Avoid any significant product launches or releases during months when customers or the GTM team are less able to absorb the changes. Typically the third month of the quarter is the worst time for major releases since they can interfere with the customer’s own critical processes or internal sales and renewal processes.

Below is an example of effective tiering of features with their recommended release frequency, timing, and communications plan.

  • Tier 1: Scheduled major releases tied to strategic themes
    • Feature Tier Description
      • Major functionality or high-complexity release
      • Could include a new module or a major revision of existing workflow providing significant new capability
      • Requires significant learning / investment on part of the customer
      • Scheduled service downtime generally acceptable
    • Release Frequency & Timing
      • Major release likely in the first month of the quarter
    • Communications Plan
      • In-platform notification
      • Support center / portal
      • Release email
      • Customer webinar
      • Pre-launch marketing comms
      • Sales enablement
  • Tier 2: Scheduled minor releases tied to simple features / feature enhancements
    • Feature Tier Description
      • Core product functionality that applies to all users (BUT simple / no “enablement- required” features)
      • Minor admin-facing changes or improvements to existing functionality
      • P2+ bug fixes (given more time for hardening and regression testing)
      • Scheduled downtime typically not acceptable
    • Release Frequency & Timing
      • Minor releases scheduled in a monthly cadence (during months other than Tier 1 releases)
    • Communications Plan
      • In-platform notification
      • Support center / portal
      • Release email
      • Pre-launch
      • Marketing comms may be needed for some new features
  • Tier 3: Bug fixes, security fixes and performance enhancements
    • Feature Tier Description
      • Small “behind the scenes” changes that enhance the user experience but do not fundamentally introduce new changes to workflows or functionality
      • P0 / P1 bug fixes and quality issue resolution given urgency
      • Scheduled downtime typically not acceptable
    • Release Frequency & Timing
      • Continuous / as needed
    • Communications Plan
      • In-platform notification
      • Support center / portal

Bundle related features

Developers can bundle related features together for customer release scheduling and GTM strategy including pricing. This may help customer-facing internal teams work more efficiently.

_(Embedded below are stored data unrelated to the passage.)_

lemma EFX_exists_from_partial:
  assumes finM: "finite M" and finN: "finite N" and KN: "K \<subseteq> N"
    and YM: "\<forall>k\<in>K. Y k \<subseteq> M"
    and disj: "\<forall>k\<in>K. \<forall>l\<in>K. k \<noteq> l \<longrightarrow> Y k \<inter> Y l = {}"
    and card_rest: "card (M - (\<Union>k\<in>K. Y k)) = card (N - K)"
    and costs: "admissible_costs N M c"
    and EFX_K: "\<forall>k\<in>K. \<forall>e\<in>Y k. \<forall>l\<in>K. l \<noteq> k \<longrightarrow> c k (Y k - {e}) \<le> c k (Y l)"
    and EFX_rest: "\<forall>k\<in>K. \<forall>e\<in>Y k. \<forall>r\<in>M - (\<Union>k\<in>K. Y k). c k (Y k - {e}) \<le> c k {r}"
  shows "\<exists>X. is_allocation N M X \<and> EFX N c X"
proof -
  obtain h where h: "bij_betw h (N - K) (M - (\<Union>k\<in>K. Y k))"
    using finite_same_card_bij[of "N - K" "M - (\<Union>k\<in>K. Y k)"] card_rest finN finM by auto
  define X where "X = extend_by_singletons K Y h"
  have alloc: "is_allocation N M X"
    unfolding X_def by (rule is_allocation_extend_by_singletons[OF KN YM disj h])
  then have XM: "X k \<subseteq> M" if "k \<in> N" for k using that by (simp add: is_allocation_def)
  have "c i (X i - {e}) \<le> c i (X j)" if i: "i \<in> N" and j: "j \<in> N" and e: "e \<in> X i" for i j e
  proof -
    consider "i \<notin> K" | "j = i" | "i \<in> K" "j \<in> K" "j \<noteq> i" | "i \<in> K" "j \<notin> K" by blast
    then show ?thesis
    proof cases
      case 1
      then have "X i - {e} = {}" using e by (auto simp: X_def extend_by_singletons_def)
      then have "c i (X i - {e}) = 0" using costs i unfolding normalized_cost_def by metis
      then show ?thesis using costs i XM[OF j] by (simp add: nonneg_cost_def)
    next
      case 2
      then show ?thesis
        using monotone_cost_subset[of M "c i" "X i" "X i - {e}"] costs i XM[OF i] finM
        by (auto intro: finite_subset)
    next
      case 3
      then show ?thesis using EFX_K e by (auto simp: X_def extend_by_singletons_def)
    next
      case 4
      then have "h j \<in> M - (\<Union>k\<in>K. Y k)" using h j bij_betwE by blast
      then show ?thesis using 4 EFX_rest e by (auto simp: X_def extend_by_singletons_def)
    qed
  qed
  with alloc show ?thesis unfolding EFX_def by blast
qed

lemma EFX_exists_card_le:
  assumes "finite M" "finite N" "card M \<le> card N"
    and costs: "admissible_costs N M c"
  shows "\<exists>X. is_allocation N M X \<and> EFX N c X"
proof -
  obtain h where h: "inj_on h M" "h ` M \<subseteq> N" using card_le_inj assms(1-3) by blast
  \<comment> \<open>the agents left without a chore form the partial allocation, with empty bundles\<close>
  have "card (h ` M) = card M" using card_image[OF h(1)] .
  then have "card (M - {}) = card (N - (N - h ` M))"
    using h(2) by (simp add: Diff_Diff_Int Int_absorb1)
  then show ?thesis
    by (intro EFX_exists_from_partial[where K = "N - h ` M" and Y = "\<lambda>_. {}"])
       (use assms in auto)
qed

lemma EFX_exists_one_bundle:
  assumes "finite M" "finite N" "i \<in> N" "A \<subseteq> M" "card (M - A) = card N - 1"
    and costs: "admissible_costs N M c"
    and "\<forall>e\<in>A. \<forall>r\<in>M - A. c i (A - {e}) \<le> c i {r}"
  shows "\<exists>X. is_allocation N M X \<and> EFX N c X"
proof (rule EFX_exists_from_partial[where K = "{i}" and Y = "\<lambda>_. A"])
  show "card (M - (\<Union>k\<in>{i}. A)) = card (N - {i})" using assms(2,3,5) by simp
qed (use assms in auto)

lemma EFX_exists_two_pairs:
  assumes "finite M" "finite N" "i \<in> N" "j \<in> N" "i \<noteq> j" "card M = card N + 2"
    and costs: "admissible_costs N M c"
    and "P \<subseteq> M" "Q \<subseteq> M" "card P = 2" "card Q = 2" "P \<inter> Q = {}"
    and "singletons_cheaper (c i) M P Q" "singletons_cheaper (c j) M Q P"
  shows "\<exists>X. is_allocation N M X \<and> EFX N c X"
proof -
  define Y where "Y k = (if k = i then P else Q)" for k
  have PQ: "(\<Union>k\<in>{i, j}. Y k) = P \<union> Q" using assms(5) by (auto simp: Y_def)
  have "finite (P \<union> Q)" using assms(1,8,9) by (simp add: finite_subset)
  moreover have "card (P \<union> Q) = 4" using assms(1,8-12) by (simp add: card_Un_disjoint finite_subset)
  ultimately have card_rest: "card (M - (\<Union>k\<in>{i, j}. Y k)) = card (N - {i, j})"
    unfolding PQ using assms(3-6,8,9) by (simp add: card_Diff_subset)
  have bound: "c k (Y k - {e}) \<le> c k (Y l) \<and> (\<forall>r\<in>M - (P \<union> Q). c k (Y k - {e}) \<le> c k {r})"
    if "k \<in> {i, j}" "l \<in> {i, j}" "l \<noteq> k" and e: "e \<in> Y k" for k l e
  proof -
    have "card (Y k) = 2" using assms(10,11) by (simp add: Y_def)
    then obtain x where "x \<in> Y k" "Y k - {e} = {x}"
      using card_2_Diff_singleton e by metis
    then show ?thesis using that assms(5,13,14) by (auto simp: Y_def singletons_cheaper_def)
  qed
  show ?thesis
  proof (rule EFX_exists_from_partial[where K = "{i, j}" and Y = Y, OF _ _ _ _ _ card_rest])
    show "\<forall>k\<in>{i, j}. \<forall>e\<in>Y k. \<forall>l\<in>{i, j}. l \<noteq> k \<longrightarrow> c k (Y k - {e}) \<le> c k (Y l)"
      using bound by simp
    show "\<forall>k\<in>{i, j}. \<forall>e\<in>Y k. \<forall>r\<in>M - (\<Union>k\<in>{i, j}. Y k). c k (Y k - {e}) \<le> c k {r}"
      unfolding PQ
    proof (intro ballI)
      fix k e r assume k: "k \<in> {i, j}" and "e \<in> Y k" "r \<in> M - (P \<union> Q)"
      moreover obtain l where "l \<in> {i, j}" "l \<noteq> k" using k assms(5) by blast
      ultimately show "c k (Y k - {e}) \<le> c k {r}" using bound by blast
    qed
  qed (use assms in \<open>auto simp: Y_def\<close>)
qed

lemma singletons_cheaper_if_cheapest:
  assumes "monotone_cost M f" "finite M" "cheapest f M D"
    and "P \<subseteq> D" "D \<subseteq> P \<union> Q" "\<not> Q \<subseteq> D" "Q \<subseteq> M"
  shows "singletons_cheaper f M P Q"
  unfolding singletons_cheaper_def
proof (intro ballI conjI)
  fix x assume "x \<in> P"
  then have x: "x \<in> D" using assms(4) by blast
  obtain y where y: "y \<in> Q" "y \<notin> D" using assms(6) by blast
  have "f {x} \<le> f {y}" using assms(3,7) x y unfolding cheapest_def by blast
  also have "\<dots> \<le> f Q"
    using monotone_cost_subset[OF assms(1)] assms(2,7) y by (simp add: finite_subset)
  finally show "f {x} \<le> f Q" .
  fix r assume "r \<in> M - (P \<union> Q)"
  then show "f {x} \<le> f {r}" using assms(3,5) x unfolding cheapest_def by blast
qed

Bundling related features for a more impactful release will also help with market positioning via analyst briefings, PR announcements and strategic partnerships. Additionally, this strategy can help create a more logically complete feature set in the eyes of the customer, making it easier for them to take in. It can even inform pricing strategy, allowing for better monetization of upsell features.

Feature flags

Next, enable the process technically with a feature flag capability. Breaking the one to one relationship between developer commitments and customer-facing launch processes is essential to coordinating and synchronizing product release processes.

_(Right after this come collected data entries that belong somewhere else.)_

lemma Iop_has_real_derivative:
  assumes F01: "primitive_nonneg (F 0) (F 1)" and F12: "primitive_nonneg (F 1) (F 2)"
    and [measurable]: "F 0 \<in> borel_measurable borel" "F 2 \<in> borel_measurable borel"
    and loc: "\<And>z. 0 \<le> z \<Longrightarrow> set_integrable lborel {0..z} (hardy_avg 0 (F 2))"
    and x: "0 < x"
  shows "(Iop F has_real_derivative hardy_avg 0 (F 2) x) (at x)"
proof -
  define q where "q y = (F 0 y - F 0 0 - y * F 1 0) / y\<^sup>2" for y
  have [measurable]: "q \<in> borel_measurable borel"
    unfolding q_def by measurable
  have q: "q y = hardy_avg 0 (F 2) y" if "0 < y" for y
    using taylor_hardy_avg[OF F01 F12 _ that] that by (simp add: q_def)
  have q_int: "set_integrable lborel {0..z} q" if "0 \<le> z" for z
  proof -
    have "AE y \<in> {0..z} in lborel. hardy_avg 0 (F 2) y = q y"
      using AE_lborel_singleton[of 0] by eventually_elim (auto simp: q)
    then show ?thesis
      using loc[OF that] set_integrable_cong_AE[of "hardy_avg 0 (F 2)" lborel q] by auto
  qed
  have Iop: "Iop F z = integral {0..z} q" if "0 \<le> z" for z
    unfolding Iop_def q_def[symmetric] using set_borel_integral_eq_integral(2)[OF q_int[OF that]] .
  have "continuous_on {0..2 * x} (F 0)"
    using primitive_nonneg_continuous_on[OF F01] x by simp
  then have "isCont (F 0) x"
    by (rule continuous_on_interior) (use x in simp)
  then have "isCont q x"
    unfolding q_def using x by (intro continuous_intros) auto
  moreover have "q integrable_on {0..2 * x}"
    using set_borel_integral_eq_integral(1)[OF q_int] x by simp
  ultimately have "((\<lambda>z. integral {0..z} q) has_vector_derivative q x) (at x within {0..2 * x} - {})"
    using x by (intro integral_has_vector_derivative_continuous_at) (auto intro: continuous_at_imp_continuous_at_within)
  moreover have "at x within {0..2 * x} = at x"
    by (rule at_within_interior) (use x in simp)
  ultimately have "((\<lambda>z. integral {0..z} q) has_real_derivative q x) (at x)"
    by (simp add: has_real_derivative_iff_has_vector_derivative)
  then have "(Iop F has_real_derivative q x) (at x)"
    by (rule has_field_derivative_transform_within_open[where S = "{0<..}"]) (use x Iop in auto)
  then show ?thesis
    using q[OF x] by simp
qed

section \<open>Sobolev bounds\<close>

lemma sobolev_norm_shift_le: "sobolev_norm k p (\<lambda>j. F (j + 2)) \<le> sobolev_norm (k + 2) p F"
proof -
  have "sobolev_norm (k + 2) p F = Lp_norm p (F 0) + (Lp_norm p (F 1) + sobolev_norm k p (\<lambda>j. F (j + 2)))"
    unfolding sobolev_norm_def by (simp add: sum.atMost_Suc_shift del: sum.atMost_Suc)
  moreover have "0 \<le> Lp_norm p g" for g
    unfolding Lp_norm_def by simp
  ultimately show ?thesis
    using add_increasing by simp
qed

lemma sobolev_hardy_avg:
  assumes p: "1 < p" and G: "sobolev (k + 2) p G"
    and [measurable]: "\<And>j. j \<le> k + 2 \<Longrightarrow> G j \<in> borel_measurable borel"
  shows "sobolev k p (\<lambda>j. hardy_avg j (G (j + 2)))"
  unfolding sobolev_altdef
proof (intro conjI allI impI)
  fix j
  assume "j \<le> k"
  then show "in_Lp p (hardy_avg j (G (j + 2)))"
    using G unfolding sobolev_altdef by (intro hardy_avg_Lp(1) p) auto
next
  fix j
  assume "j < k"
  then have "primitive_nonneg (hardy_avg j (G (j + 2))) (hardy_avg (Suc j) (G (Suc (j + 2))))"
    using G unfolding sobolev_altdef by (intro primitive_nonneg_hardy_avg) auto
  then show "primitive_nonneg (hardy_avg j (G (j + 2))) (hardy_avg (Suc j) (G (Suc j + 2)))"
    by simp
qed

lemma hardy_avg_zero_extension_Iop:
  fixes F :: "nat \<Rightarrow> real \<Rightarrow> real"
  assumes p: "1 < p" and F: "sobolev (k + 2) p F"
  defines "H \<equiv> \<lambda>j. hardy_avg j (\<lambda>x. indicator {0..} x * F (j + 2) x)"
  shows "sobolev k p H"
    and "\<And>x. 0 < x \<Longrightarrow> (Iop F has_real_derivative H 0 x) (at x)"
    and "\<And>j. j \<le> k \<Longrightarrow> Lp_norm p (H j) \<le> (2 powr p / (p - 1)) powr (1 / p) * Lp_norm p (F (j + 2))"
proof -
  \<comment> \<open>\<^const>\<open>in_Lp\<close> only makes \<open>F j\<close> measurable on \<open>(0,\<infinity>)\<close>; the product-measure arguments
    need Borel functions on the whole line, and cutting off at \<open>0\<close> changes neither
    \<^const>\<open>Iop\<close> nor the norms.\<close>
  define G where "G = (\<lambda>j x. indicator {0..} x * F j x)"
  have H_G: "H j = hardy_avg j (G (j + 2))" for j
    unfolding H_def G_def ..
  have G: "sobolev (k + 2) p G"
    unfolding G_def using sobolev_zero_extension[OF F] .
  have G_meas [measurable]: "G j \<in> borel_measurable borel" if "j \<le> k + 2" for j
    using F that unfolding sobolev_def in_Lp_def G_def by (intro borel_measurable_zero_extension) auto
  show H: "sobolev k p H"
    unfolding H_G using sobolev_hardy_avg[OF p G] by simp
  show "(Iop F has_real_derivative H 0 x) (at x)" if "0 < x" for x
  proof -
    have "primitive_nonneg (G 0) (G 1)" "primitive_nonneg (G 1) (G 2)"
      using G unfolding sobolev_altdef by (auto simp flip: Suc_1)
    moreover have "in_Lp p (H 0)"
      using H unfolding sobolev_altdef by simp
    then have "set_integrable lborel {0..z} (hardy_avg 0 (G 2))" for z
      using p unfolding in_Lp_def H_G
      by (intro Lp_imp_set_integrable_Icc[of p]) (auto simp: numeral_2_eq_2)
    ultimately have "(Iop G has_real_derivative hardy_avg 0 (G 2) x) (at x)"
      using that by (intro Iop_has_real_derivative G_meas) auto
    moreover have "Iop G = Iop F"
      unfolding G_def by (rule Iop_zero_extension)
    ultimately show ?thesis
      by (simp add: H_G numeral_2_eq_2)
  qed
  show "Lp_norm p (H j) \<le> (2 powr p / (p - 1)) powr (1 / p) * Lp_norm p (F (j + 2))" if "j \<le> k" for j
    using Lp_norm_hardy_avg_le[OF p G_meas, of "j + 2" j] G that
    unfolding H_G G_def Lp_norm_zero_extension sobolev_altdef by simp
qed

theorem lemma2p4:
  fixes k :: nat and p :: real
  assumes "1 < p"
  shows "\<exists>C>0. \<forall>F. sobolev (k + 2) p F \<longrightarrow>
           (\<exists>H. sobolev k p H \<and>
                 (\<forall>x>0. (Iop F has_real_derivative H 0 x) (at x)) \<and>
                 sobolev_norm k p H \<le> C * sobolev_norm k p (\<lambda>j. F (j + 2)) \<and>
                 C * sobolev_norm k p (\<lambda>j. F (j + 2)) \<le> C * sobolev_norm (k + 2) p F)"
proof -
  define C where "C = (2 powr p / (p - 1)) powr (1 / p)"
  have "0 < C"
    using assms by (simp add: C_def)
  moreover have "\<exists>H. sobolev k p H \<and> (\<forall>x>0. (Iop F has_real_derivative H 0 x) (at x)) \<and>
      sobolev_norm k p H \<le> C * sobolev_norm k p (\<lambda>j. F (j + 2)) \<and>
      C * sobolev_norm k p (\<lambda>j. F (j + 2)) \<le> C * sobolev_norm (k + 2) p F"
    if F: "sobolev (k + 2) p F" for F
  proof -
    let ?H = "\<lambda>j. hardy_avg j (\<lambda>x. indicator {0..} x * F (j + 2) x)"
    note H = hardy_avg_zero_extension_Iop[OF assms F]
    have "sobolev_norm k p ?H \<le> C * sobolev_norm k p (\<lambda>j. F (j + 2))"
      unfolding sobolev_norm_def sum_distrib_left C_def using H(3) by (intro sum_mono) simp
    moreover have "C * sobolev_norm k p (\<lambda>j. F (j + 2)) \<le> C * sobolev_norm (k + 2) p F"
      using sobolev_norm_shift_le \<open>0 < C\<close> by (intro mult_left_mono) auto
    ultimately show ?thesis
      using H(1,2) by blast
  qed
  ultimately show ?thesis
    by blast
qed

end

Feature flags can allow the development team to release features continuously or regularly without revealing those features to the customer base until the GTM team and customer success team are ready to support them. They are also very helpful for selective pricing and packaging of features along with migrating existing customers from a legacy version of the product.

Cultural change management

It’s important to be mindful of cultural changes. Tiering and bundling features requires building a new muscle within engineering and product organizations. This will likely require training on how to identify which features qualify as strategic features versus product enhancements, i.e., candidates for Tier 1 vs Tier 2 vs Tier 3 releases.

The product team also needs executive support to focus on driving the highest strategic impact with Tier 1 releases, while balancing customer pressures for incremental feature enhancements that are Tier 2 release candidates.